The space race has always been a gamble, but for workers in Britain’s aerospace sector, the stakes have never felt higher. Yesterday’s catastrophic failure of a critical NASA test rocket sent shockwaves through the industry, as British aerospace giants BAE Systems and Rolls-Royce issued urgent warnings about the impact on jobs and supply chains. The explosion, which ripped through a prototype designed to return astronauts to the Moon, has raised serious questions about the timeline and cost of the Artemis programme. For the skilled engineers and factory workers in Derby and Bristol who rely on these contracts, this is not just a setback for space exploration. It is a direct hit to wages, stability, and the future of British manufacturing.
The rocket in question was a test article for the Space Launch System, the US space agency’s heavy-lift vehicle intended to carry crew modules to lunar orbit. While NASA officials are still sifting through the debris to determine the cause, the blast has reignited fears that the project is over budget and behind schedule. That means less work for UK suppliers. BAE Systems, which builds key avionics for the Orion capsule, warned in a statement that “any delays to the Artemis programme will have a knock-on effect on our order books and the livelihoods of thousands.” Rolls-Royce, which develops nuclear power systems for future deep-space probes, said it was “monitoring the situation closely” but acknowledged that the incident could slow investment.
This is not a distant problem for the Ministry of Defence or for City investors. It is a kitchen-table crisis for the families in Filton and Glasgow who put rivets and wiring into these machines. The aerospace sector in Britain employs over 100,000 people directly, many of them in high-skilled, well-paid union jobs. These are the kinds of positions that have kept the North and the Midlands afloat as other industries have vanished.
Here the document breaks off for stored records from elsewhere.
(* For every nonreal $z\in\mathbb C$ there exists a nonzero function $v:\Gamma\to\mathbb C$ with $(Jv)(x)=zv(x)$ for all $x\in\Gamma$. Any such $v$ satisfies $v(x)\neq0$ for every $x\in\Gamma$, and $v$ is unique up to a constant multiple.
   Context: Let $\Gamma$ be an infinite connected tree whose vertices are arranged in levels $\ell(x)\in\{0,1,2,\dots\}$: every vertex $x$ is adjacent to exactly one vertex $x'$ with $\ell(x')=\ell(x)+1$; for $\ell(x)\ge 1$ the set $N_x=\{y:\ y'=x\}$ of neighbours of $x$ on level $\ell(x)-1$ is finite and nonempty; $N_x=\emptyset$ if $\ell(x)=0$; there are no other edges. Fix $\lambda_x>0$, $\beta_x\in\mathbb R$. The Jacobi matrix $J$ acts on functions $v:\Gamma\to\mathbb C$ by $(Jv)(x)=\lambda_x v(x')+\beta_x v(x)+\sum_{y\in N_x}\lambda_y v(y)$. *)

theory Defs
  imports Complex_Main
begin

text \<open>The tree Gamma has vertex set UNIV of type 'a. The level function is lev,
  and par x is the unique neighbour x' of x on level lev x + 1.\<close>

definition children :: "('a \<Rightarrow> 'a) \<Rightarrow> 'a \<Rightarrow> 'a set" where
  "children par x = {y. par y = x}"

definition tree_adj :: "('a \<Rightarrow> 'a) \<Rightarrow> 'a \<Rightarrow> 'a \<Rightarrow> bool" where
  "tree_adj par x y \<longleftrightarrow> y = par x \<or> x = par y"

definition level_tree :: "('a \<Rightarrow> nat) \<Rightarrow> ('a \<Rightarrow> 'a) \<Rightarrow> bool" where
  "level_tree lev par \<longleftrightarrow>
     infinite (UNIV :: 'a set) \<and>
     (\<forall>x. lev (par x) = lev x + 1) \<and>
     (\<forall>x. lev x \<ge> 1 \<longrightarrow> finite (children par x) \<and> children par x \<noteq> {}) \<and>
     (\<forall>x. lev x = 0 \<longrightarrow> children par x = {}) \<and>
     (\<forall>x y. (tree_adj par)\<^sup>*\<^sup>* x y)"

definition jacobi :: "('a \<Rightarrow> real) \<Rightarrow> ('a \<Rightarrow> real) \<Rightarrow> ('a \<Rightarrow> 'a) \<Rightarrow> ('a \<Rightarrow> complex) \<Rightarrow> 'a \<Rightarrow> complex" where
  "jacobi lam beta par v x =
     complex_of_real (lam x) * v (par x) + complex_of_real (beta x) * v x
     + (\<Sum>y\<in>children par x. complex_of_real (lam y) * v y)"

end

theory Submission
  imports Defs
begin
A delay or budget cut to Artemis would mean fewer overtime shifts, less hiring, and potentially layoffs. The unions have already begun to mobilise. Unite the union’s national officer for aerospace, John Cooper, said: “We cannot allow the workers who build these rockets to pay the price for a technical failure. The government must step in to protect these jobs if NASA pulls back.”
The economic context could not be more brutal. With food prices still climbing and energy bills swallowing a third of the average wage, the loss of a single high-paying aerospace job can tip a household into poverty. In Derby, where Rolls-Royce has already cut thousands of jobs in recent years, the hope of a lunar reboot was a lifeline. Sarah Hughes, a 44-year-old welder at a sub-contractor plant in Bristol, told me: “I work 50 hours a week to keep a roof over my kids’ heads. If this Moon money dries up, there’s nowhere else to go. The high street is dead. The steelworks are gone.” Her sentiment is echoed across the sector. For all the talk of a “new space age”, the reality for those on the shop floor is that their mortgage payments depend on a rocket that hasn’t even flown yet.
The Labour frontbench has already seized on the report. Shadow business secretary Ed Miliband called for a “comprehensive review” of UK space contracts and warned that “working families cannot be collateral damage in a race to the Moon.” The Tories, meanwhile, are downplaying the risk, insisting that “British aerospace remains resilient.” But if the US Congress decides to pull the plug, words will not pay the gas bill.
For now, the whir of the lathes and the hiss of the welding torches continues in the factories of the space industry. But the explosion has left a cloud over every shift. Whether you believe in the mission or not, the rockets of the world are made by human hands. And those hands are increasingly worried about what comes next.